Observability of software design - What it is and why it matters
As developers, we have lots of tools for finding out how code works in detail, and rooting out problems. Debuggers, profilers, Wireshark, and their ilk are great for finding and fixing bugs, and also for building knowledge about how software works.
But how do we build understanding and troubleshoot the behavior of software from a higher level? Software design is just as important as implementation detail, if not more so. Want proof?
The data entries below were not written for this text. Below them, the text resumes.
(* Let $\widetilde{\mathcal{A}}^+,\widetilde{\mathcal{A}}^-\subseteq\mathbb{R}^d$. If the problem $$\max_{\|y\|_*\le1,\ b\in\mathbb{R}} h(y,b;\widetilde{\mathcal{A}}^+,\widetilde{\mathcal{A}}^-)$$ has an optimal solution and a positive optimal value, then every optimal solution $(\hat y,\hat b)$ satisfies $\|\hat y\|_*=1$. If moreover the norm $\|\cdot\|$ and its dual $\|\cdot\|_*$ are both strictly convex (i.e. $\|\beta w+(1-\beta)z\|<\beta\|w\|+(1-\beta)\|z\|$ whenever $\beta\in(0,1)$ and $w,z$ are not collinear, and likewise for $\|\cdot\|_*$), then the optimal solution is unique.
   Context: $\|\cdot\|$ is a norm on $\mathbb{R}^d$ with dual norm $\|y\|_*=\max_{\|w\|\le1}y^\top w$. For sets $\widetilde{\mathcal{A}}^+,\widetilde{\mathcal{A}}^-\subseteq\mathbb{R}^d$ the margin function is $$h(y,b;\widetilde{\mathcal{A}}^+,\widetilde{\mathcal{A}}^-)=\min\Big\{\min_{x\in\widetilde{\mathcal{A}}^+}(y^\top x+b),\ \min_{x\in\widetilde{\mathcal{A}}^-}(-y^\top x-b)\Big\},$$ which equals $\tfrac12\big(\min_{x\in\widetilde{\mathcal{A}}^+}y^\top x-\max_{x\in\widetilde{\mathcal{A}}^-}y^\top x\big)-\big|b+\tfrac12\big(\min_{x\in\widetilde{\mathcal{A}}^+}y^\top x+\max_{x\in\widetilde{\mathcal{A}}^-}y^\top x\big)\big|$. *)

theory Defs
  imports "HOL-Analysis.Analysis" "HOL-Library.Extended_Real"
begin

definition is_norm :: "(real^'d \<Rightarrow> real) \<Rightarrow> bool" where
  "is_norm N \<longleftrightarrow>
     (\<forall>x. N x = 0 \<longleftrightarrow> x = 0) \<and>
     (\<forall>c x. N (c *\<^sub>R x) = \<bar>c\<bar> * N x) \<and>
     (\<forall>x y. N (x + y) \<le> N x + N y)"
Check out the Top 25 Most Dangerous Software Weaknesses, and note this key observation:
The biggest movement up the list involves four weaknesses that are related to Authentication and Authorization
- CWE-522 (Insufficiently Protected Credentials): from #27 to #18
- CWE-306 (Missing Authentication for Critical Function): from #36 to #24
- CWE-862 (Missing Authorization): from #34 to #25
- CWE-863 (Incorrect Authorization): from #33 to #29
All four of these weaknesses represent some of the most difficult areas to analyze a system on.
(My emphasis added)
One reason why these design-related weaknesses are becoming more and more important is that the tools for detecting low-level weaknesses are getting better. In our ongoing survey of State of Software Architecture Quality, 65% of respondents indicate that they are using static code analyzers to find and fix low-level flaws, and another 22% say that they want to start using these tools. As a result, the impact of simple coding errors like CWE-835 (Loop with Unreachable Exit Condition) and CWE-704 (Incorrect Type Conversion or Cast) is falling, while design flaws are rising in importance.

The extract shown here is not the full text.